(* An ample class $C\subseteq 2^X$ admits a corner peeling if and only if there exists an acyclic orientation of the edges of $G(C)$ that is a unique sink orientation.
   Context: A cube of $2^X$ is $\{T\cup Z:Z\subseteq Y\}$ with $Y\subseteq X$, $T\subseteq X\setminus Y$, support $\mathrm{supp}=Y$; a cube of $C$ is one contained in $C$. $Y$ is shattered by $C$ if $\{c\cap Y:c\in C\}=2^Y$; $C$ is ample if every shattered set is the support of a cube of $C$. A corner of $C$ is a concept lying in exactly one inclusion-maximal cube of $C$. A corner peeling is an ordering $c_1,\dots,c_m$ of $C$ such that each $c_i$ is a corner of $\{c_1,\dots,c_i\}$. $G(C)$ is the graph on $C$ with an $x$-edge $cc'$ whenever $c\Delta c'=\{x\}$. For an orientation $o$ of $G(C)$, the out-map $r_o(c)$ is the set of $x$ such that the $x$-edge at $c$ is directed away from $c$. $o$ is a unique sink orientation if (C1) for every $c$, the cube of $2^X$ with support $r_o(c)$ containing $c$ is contained in $C$, and (C2) every cube of $C$ contains exactly one vertex that is a sink of $o$ restricted to the edges of that cube. *)

theory Defs
  imports Main
begin

definition cube_set :: "'a set \<Rightarrow> 'a set \<Rightarrow> 'a set set" where
  "cube_set T Y = {T \<union> Z | Z. Z \<subseteq> Y}"

definition is_cube :: "'a set \<Rightarrow> 'a set set \<Rightarrow> bool" where
  "is_cube X Q \<longleftrightarrow> (\<exists>Y T. Y \<subseteq> X \<and> T \<subseteq> X - Y \<and> Q = cube_set T Y)"
lemma Dtdf_eq_Inf_coupling_cost: "Dtdf \<Psi>1 \<Psi>2 = Inf (coupling_cost ` {\<omega>. is_coupling \<omega> \<Psi>1 \<Psi>2})"
  by (simp add: Dtdf_def coupling_cost_def setcompr_eq_image)

lemma coupling_cost_nonneg: "0 \<le> coupling_cost \<omega>"
  unfolding coupling_cost_def by (rule sum_nonneg) (simp add: dtf_def)

lemma is_coupling_pair_pmf: "is_coupling (pair_pmf \<Psi>1 \<Psi>2) \<Psi>1 \<Psi>2"
  by (simp add: is_coupling_def map_fst_pair_pmf map_snd_pair_pmf)

lemma finite_set_pmf_coupling:
  assumes "is_coupling \<omega> \<Psi>1 \<Psi>2" and "finite (set_pmf \<Psi>1)" and "finite (set_pmf \<Psi>2)"
  shows "finite (set_pmf \<omega>)"
proof (rule finite_subset)
  show "set_pmf \<omega> \<subseteq> set_pmf \<Psi>1 \<times> set_pmf \<Psi>2"
  proof
    fix p assume "p \<in> set_pmf \<omega>"
    then have "fst p \<in> set_pmf (map_pmf fst \<omega>)" "snd p \<in> set_pmf (map_pmf snd \<omega>)" by simp_all
    with assms(1) show "p \<in> set_pmf \<Psi>1 \<times> set_pmf \<Psi>2"
      by (simp add: is_coupling_def mem_Times_iff)
  qed
qed (use assms(2,3) in simp)

lemma coupling_cost_eq_prob_neq:
  assumes "finite (set_pmf \<omega>)"
  shows "coupling_cost \<omega> = measure_pmf.prob \<omega> {p. fst p \<noteq> snd p}"
proof -
  have "coupling_cost \<omega> = sum (pmf \<omega>) {p \<in> set_pmf \<omega>. fst p \<noteq> snd p}"
    unfolding coupling_cost_def sum.inter_filter[OF assms] dtf_def by (intro sum.cong) auto
  also have "\<dots> = measure_pmf.prob \<omega> ({p. fst p \<noteq> snd p} \<inter> set_pmf \<omega>)"
    using assms by (simp add: measure_measure_pmf_finite Collect_conj_eq Int_commute)
  also have "\<dots> = measure_pmf.prob \<omega> {p. fst p \<noteq> snd p}"
    by (rule measure_Int_set_pmf)
  finally show ?thesis .
qed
◇ ◇ ◇ ◇
Transcribe the whole listing exactly.

(* An ample class $C\subseteq 2^X$ admits a corner peeling if and only if there exists an acyclic orientation of the edges of $G(C)$ that is a unique sink orientation.
   Context: A cube of $2^X$ is $\{T\cup Z:Z\subseteq Y\}$ with $Y\subseteq X$, $T\subseteq X\setminus Y$, support $\mathrm{supp}=Y$; a cube of $C$ is one contained in $C$. $Y$ is shattered by $C$ if $\{c\cap Y:c\in C\}=2^Y$; $C$ is ample if every shattered set is the support of a cube of $C$. A corner of $C$ is a concept lying in exactly one inclusion-maximal cube of $C$. A corner peeling is an ordering $c_1,\dots,c_m$ of $C$ such that each $c_i$ is a corner of $\{c_1,\dots,c_i\}$. $G(C)$ is the graph on $C$ with an $x$-edge $cc'$ whenever $c\Delta c'=\{x\}$. For an orientation $o$ of $G(C)$, the out-map $r_o(c)$ is the set of $x$ such that the $x$-edge at $c$ is directed away from $c$. $o$ is a unique sink orientation if (C1) for every $c$, the cube of $2^X$ with support $r_o(c)$ containing $c$ is contained in $C$, and (C2) every cube of $C$ contains exactly one vertex that is a sink of $o$ restricted to the edges of that cube. *)

theory Defs
  imports Main
begin

definition cube_set :: "'a set \<Rightarrow> 'a set \<Rightarrow> 'a set set" where
  "cube_set T Y = {T \<union> Z | Z. Z \<subseteq> Y}"

definition is_cube :: "'a set \<Rightarrow> 'a set set \<Rightarrow> bool" where
  "is_cube X Q \<longleftrightarrow> (\<exists>Y T. Y \<subseteq> X \<and> T \<subseteq> X - Y \<and> Q = cube_set T Y)"
lemma Dtdf_eq_Inf_coupling_cost: "Dtdf \<Psi>1 \<Psi>2 = Inf (coupling_cost ` {\<omega>. is_coupling \<omega> \<Psi>1 \<Psi>2})"
  by (simp add: Dtdf_def coupling_cost_def setcompr_eq_image)

lemma coupling_cost_nonneg: "0 \<le> coupling_cost \<omega>"
  unfolding coupling_cost_def by (rule sum_nonneg) (simp add: dtf_def)

lemma is_coupling_pair_pmf: "is_coupling (pair_pmf \<Psi>1 \<Psi>2) \<Psi>1 \<Psi>2"
  by (simp add: is_coupling_def map_fst_pair_pmf map_snd_pair_pmf)

lemma finite_set_pmf_coupling:
  assumes "is_coupling \<omega> \<Psi>1 \<Psi>2" and "finite (set_pmf \<Psi>1)" and "finite (set_pmf \<Psi>2)"
  shows "finite (set_pmf \<omega>)"
proof (rule finite_subset)
  show "set_pmf \<omega> \<subseteq> set_pmf \<Psi>1 \<times> set_pmf \<Psi>2"
  proof
    fix p assume "p \<in> set_pmf \<omega>"
    then have "fst p \<in> set_pmf (map_pmf fst \<omega>)" "snd p \<in> set_pmf (map_pmf snd \<omega>)" by simp_all
    with assms(1) show "p \<in> set_pmf \<Psi>1 \<times> set_pmf \<Psi>2"
      by (simp add: is_coupling_def mem_Times_iff)
  qed
qed (use assms(2,3) in simp)

lemma coupling_cost_eq_prob_neq:
  assumes "finite (set_pmf \<omega>)"
  shows "coupling_cost \<omega> = measure_pmf.prob \<omega> {p. fst p \<noteq> snd p}"
proof -
  have "coupling_cost \<omega> = sum (pmf \<omega>) {p \<in> set_pmf \<omega>. fst p \<noteq> snd p}"
    unfolding coupling_cost_def sum.inter_filter[OF assms] dtf_def by (intro sum.cong) auto
  also have "\<dots> = measure_pmf.prob \<omega> ({p. fst p \<noteq> snd p} \<inter> set_pmf \<omega>)"
    using assms by (simp add: measure_measure_pmf_finite Collect_conj_eq Int_commute)
  also have "\<dots> = measure_pmf.prob \<omega> {p. fst p \<noteq> snd p}"
    by (rule measure_Int_set_pmf)
  finally show ?thesis .
qed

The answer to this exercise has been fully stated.